(Stored data entries)
++++++++++++++++++++

lemma maximal_bipartite_lex_Times:
  assumes G: "graph V E" and H: "graph W F" and "has_edge W F"
    and A: "maximal_independent V E A" and T: "maximal_bipartite_set W F T"
  shows "maximal_bipartite_set (V \<times> W) (lex_edge E F) (A \<times> T)"
proof -
  obtain b c where bc: "b \<in> T" "c \<in> T" "F b c"
    using maximal_bipartite_set_has_edge[OF H \<open>has_edge W F\<close> T] by blast
  have A_indep: "independent V E A" using A unfolding maximal_independent_def by blast
  obtain X Y where XY: "T \<subseteq> X \<union> Y" "independent W F X" "independent W F Y"
    using T unfolding maximal_bipartite_set_def bipartite_set_iff by blast
  have "A \<times> T \<subseteq> A \<times> X \<union> A \<times> Y" using XY(1) by blast
  moreover have "independent (V \<times> W) (lex_edge E F) (A \<times> X)"
    using A_indep XY(2) by (rule independent_lex_Sigma)
  moreover have "independent (V \<times> W) (lex_edge E F) (A \<times> Y)"
    using A_indep XY(3) by (rule independent_lex_Sigma)
  ultimately have AT: "bipartite_set (V \<times> W) (lex_edge E F) (A \<times> T)"
    unfolding bipartite_set_iff by blast
  have "p \<in> A \<times> T" if R: "bipartite_set (V \<times> W) (lex_edge E F) R" "A \<times> T \<subseteq> R" "p \<in> R" for R p
  proof (cases p)
    case (Pair z v)
    have "z \<in> A"
    proof (rule ccontr)
      assume "z \<notin> A"
      moreover have "z \<in> V" using bipartite_set_subset[OF R(1)] R(3) Pair by blast
      ultimately obtain a where a: "a \<in> A" "E a z"
        using maximal_independent_dominating[OF G A] by blast
      have "a \<in> fst ` R" "z \<in> fst ` R" using R(2,3) a(1) bc(1) Pair by force+
      then have "a \<notin> isolated E (fst ` R)" using a(2) unfolding isolated_def by blast
      then have "independent W F (fiber R a)"
        using bipartite_lex_fiber_independent[OF R(1) \<open>a \<in> fst ` R\<close>] by blast
      moreover have "b \<in> fiber R a" "c \<in> fiber R a" using R(2) a(1) bc unfolding fiber_def by blast+
      ultimately show False using bc(3) unfolding independent_def by blast
    qed
    moreover have "T \<subseteq> fiber R z" using R(2) \<open>z \<in> A\<close> unfolding fiber_def by blast
    then have "fiber R z = T"
      using T bipartite_lex_fiber[OF R(1), of z] unfolding maximal_bipartite_set_def by blast
    ultimately show ?thesis using R(3) Pair unfolding fiber_def by blast
  qed
  then show ?thesis using AT unfolding maximal_bipartite_set_def by blast
qed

++++++++++++++++++++

**To do**
Word for word, transcribe each record.

**Solution to the exercise**
lemma maximal_bipartite_lex_Times:
  assumes G: "graph V E" and H: "graph W F" and "has_edge W F"
    and A: "maximal_independent V E A" and T: "maximal_bipartite_set W F T"
  shows "maximal_bipartite_set (V \<times> W) (lex_edge E F) (A \<times> T)"
proof -
  obtain b c where bc: "b \<in> T" "c \<in> T" "F b c"
    using maximal_bipartite_set_has_edge[OF H \<open>has_edge W F\<close> T] by blast
  have A_indep: "independent V E A" using A unfolding maximal_independent_def by blast
  obtain X Y where XY: "T \<subseteq> X \<union> Y" "independent W F X" "independent W F Y"
    using T unfolding maximal_bipartite_set_def bipartite_set_iff by blast
  have "A \<times> T \<subseteq> A \<times> X \<union> A \<times> Y" using XY(1) by blast
  moreover have "independent (V \<times> W) (lex_edge E F) (A \<times> X)"
    using A_indep XY(2) by (rule independent_lex_Sigma)
  moreover have "independent (V \<times> W) (lex_edge E F) (A \<times> Y)"
    using A_indep XY(3) by (rule independent_lex_Sigma)
  ultimately have AT: "bipartite_set (V \<times> W) (lex_edge E F) (A \<times> T)"
    unfolding bipartite_set_iff by blast
  have "p \<in> A \<times> T" if R: "bipartite_set (V \<times> W) (lex_edge E F) R" "A \<times> T \<subseteq> R" "p \<in> R" for R p
  proof (cases p)
    case (Pair z v)
    have "z \<in> A"
    proof (rule ccontr)
      assume "z \<notin> A"
      moreover have "z \<in> V" using bipartite_set_subset[OF R(1)] R(3) Pair by blast
      ultimately obtain a where a: "a \<in> A" "E a z"
        using maximal_independent_dominating[OF G A] by blast
      have "a \<in> fst ` R" "z \<in> fst ` R" using R(2,3) a(1) bc(1) Pair by force+
      then have "a \<notin> isolated E (fst ` R)" using a(2) unfolding isolated_def by blast
      then have "independent W F (fiber R a)"
        using bipartite_lex_fiber_independent[OF R(1) \<open>a \<in> fst ` R\<close>] by blast
      moreover have "b \<in> fiber R a" "c \<in> fiber R a" using R(2) a(1) bc unfolding fiber_def by blast+
      ultimately show False using bc(3) unfolding independent_def by blast
    qed
    moreover have "T \<subseteq> fiber R z" using R(2) \<open>z \<in> A\<close> unfolding fiber_def by blast
    then have "fiber R z = T"
      using T bipartite_lex_fiber[OF R(1), of z] unfolding maximal_bipartite_set_def by blast
    ultimately show ?thesis using R(3) Pair unfolding fiber_def by blast
  qed
  then show ?thesis using AT unfolding maximal_bipartite_set_def by blast
qed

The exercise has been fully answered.